She took her last breath at 6:20 this morning. Des, the amazing coach at our school, let me know by text that Sabrina had died on this morning, the 7th week anniversary of
her wedding. I cannot even begin to imagine what her husband is experiencing, her brother, her parents.
So on this day of Maggie’s 13th birthday party, I did my damnedest to experience and feel as much of the day as I could. I drove the Durango, filled with girls and on the way I invited them into the lives of my own children and shared important life-lessons. The first of these were key driving points such as Drive right! The left lane is for passing; Don’t trust mirrors, always check your blind spot and The other drivers aren’t psychic, use your blinkers. I feel successful in passing on important lessons like these. Bowling was fun for the girls…at one point early on I hugged L and burst into tears. He reminded me today is a happy day so I went to wash away the tears.
The drive home was magical- a car full of girls, singing, giggling with glee, waving at other cars, it was truly a refreshing step into the past getting to sing along with these kiddos as my heavy heart mouthed the words, even though it wasn’t really singing.
I spoke with my sister – got to cry to her as I feel I can’t really turn to anyone else here. What am I going to do? Cry to my 13 year old girl? This is where hugging L today was helpful – brief as it was, and of course the timing was wrong. This is what we need as humans – we need touch and that’s one reason why I hugged the family even though the dad had no idea who I was.

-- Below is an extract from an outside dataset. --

(* Let $\mathcal A$ be a cluster algebra and let $H_1,H_2$ be subgroups of $\mathrm{Aut}\,\mathcal A$ with $H_1,H_2\notin\ker\phi$, i.e. $\mathcal M^{H_1}_{sub}\neq\emptyset$ and $\mathcal M^{H_2}_{sub}\neq\emptyset$. Then $H_1$ and $H_2$ are conjugate in $\mathrm{Aut}\,\mathcal A$ if and only if there exist $f\in\mathrm{Aut}\,\mathcal A$, $\mathcal A(\Sigma_1)\in\mathcal M^{H_1}_{sub}$ and $\mathcal A(\Sigma_2)\in\mathcal M^{H_2}_{sub}$ such that $f(\mathcal A(\Sigma_1))=\mathcal A(\Sigma_2)$ and the restriction of $f$ is a cluster isomorphism $\mathcal A(\Sigma_1)\to\mathcal A(\Sigma_2)$.
   Context: Cluster algebras: a seed is $\Sigma=(\mathbf x_{ex},\mathbf x_{fr},\widetilde B)$ with exchange variables $\mathbf x_{ex}=\{x_1,\dots,x_n\}$ and frozen variables $\mathbf x_{fr}=\{x_{n+1},\dots,x_m\}$ algebraically independent in $\mathcal F=\mathbb Q(x_1,\dots,x_m)$, and $\widetilde B=(b_{ij})$ an $m\times n$ integer matrix whose upper $n\times n$ part is skew-symmetrizable; entries are also indexed by variables, $b_{xy}$. Seeds mutate by the Fomin–Zelevinsky mutation rule at exchange variables; the cluster algebra $\mathcal A(\Sigma)$ is the $\mathbb Q$-subalgebra of $\mathcal F$ generated by all (exchange and frozen) cluster variables of all seeds obtained from $\Sigma$ by finitely many mutations. A cluster automorphism (resp. cluster isomorphism) is an algebra automorphism (resp. isomorphism) sending the extended cluster $\mathbf x_{ex}\cup\mathbf x_{fr}$ of a seed bijectively onto the extended cluster of a seed, exchange variables to exchange variables, and commuting with mutations ($f(\mu_x(y))=\mu_{f(x)}(f(y))$ along admissible mutation sequences); $\mathrm{Aut}\,\mathcal A$ is the group of cluster automorphisms. Mixing-type sub-seed: for a seed $\Sigma$ and $I_0\subseteq\mathbf x_{ex}$, $I_1\subseteq\mathbf x_{ex}\cup\mathbf x_{fr}$ with $I_0\cap I_1=\emptyset$, $\Sigma_{I_0,I_1}=(\mathbf x_{ex}\setminus(I_0\cup I_1),(\mathbf x_{fr}\cup I_0)\setminus I_1,\widetilde B^\sharp)$ where $\widetilde B^\sharp$ is the submatrix of $\widetilde B$ with rows indexed by the new extended cluster and columns by the new exchange variables. A cluster subalgebra of $\mathcal A$ is $\mathcal A(\Sigma')\subseteq\mathcal A$ with $\Sigma'=\Sigma_{I_0,I_1}$ for some seed $\Sigma$ of $\mathcal A$ such that $b_{xy}=0$ for all $x\in I_1$, $y\in\mathbf x_{ex}\setminus(I_0\cup I_1)$. Galois notions: for a cluster subalgebra $\mathcal A(\Sigma')$, $\mathrm{Gal}_{\Sigma'}\mathcal A=\{f\in\mathrm{Aut}\,\mathcal A: f|_{\mathcal A(\Sigma')}=\mathrm{id}\}$. For $H\le\mathrm{Aut}\,\mathcal A$, $\mathcal A^H=\{z\in\mathcal A: f(z)=z\ \forall f\in H\}$, and $\mathcal M^H_{sub}$ is the set of cluster subalgebras $\mathcal A(\Sigma')$ of $\mathcal A$ that are maximal (under inclusion) among cluster subalgebras of $\mathcal A$ contained in $\mathcal A^H$ and satisfy $\mathrm{Gal}_{\Sigma'}\mathcal A=H$. $\phi$ is the map $H\mapsto\mathcal M^H_{sub}$ and $\ker\phi=\{H\le\mathrm{Aut}\,\mathcal A:\mathcal M^H_{sub}=\emptyset\}$. *)

theory Defs
  imports Complex_Main
begin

The evening was spent listening to girls, chatting with my friend, and pondering – thinking of a thousand ways to make my life more meaningful from This Moment Forward and yet – does that ever happen? For someone like me, it is doing the Next In
dicated Thing…trying to think one thought at a time and moving forward. You can’t STOP to try to make life be more, because it IS more. It simply requires us to become more aware and appreciate that which is given to us with every morning. Some days are shitty. Others are glorious…most of them fall somewhere in between, but this is where we can take a few moments to appreciate them. This evening I committed to making a change in my life. I’d like to get back to a more active lifestyle, so I plan to get moving, to live more than I have been as of late. I am also going to appreciate those in my life more because they can slip away…just like that. Rest well, Sabrina. Your life was short, but you impacted so many in such an incredible way.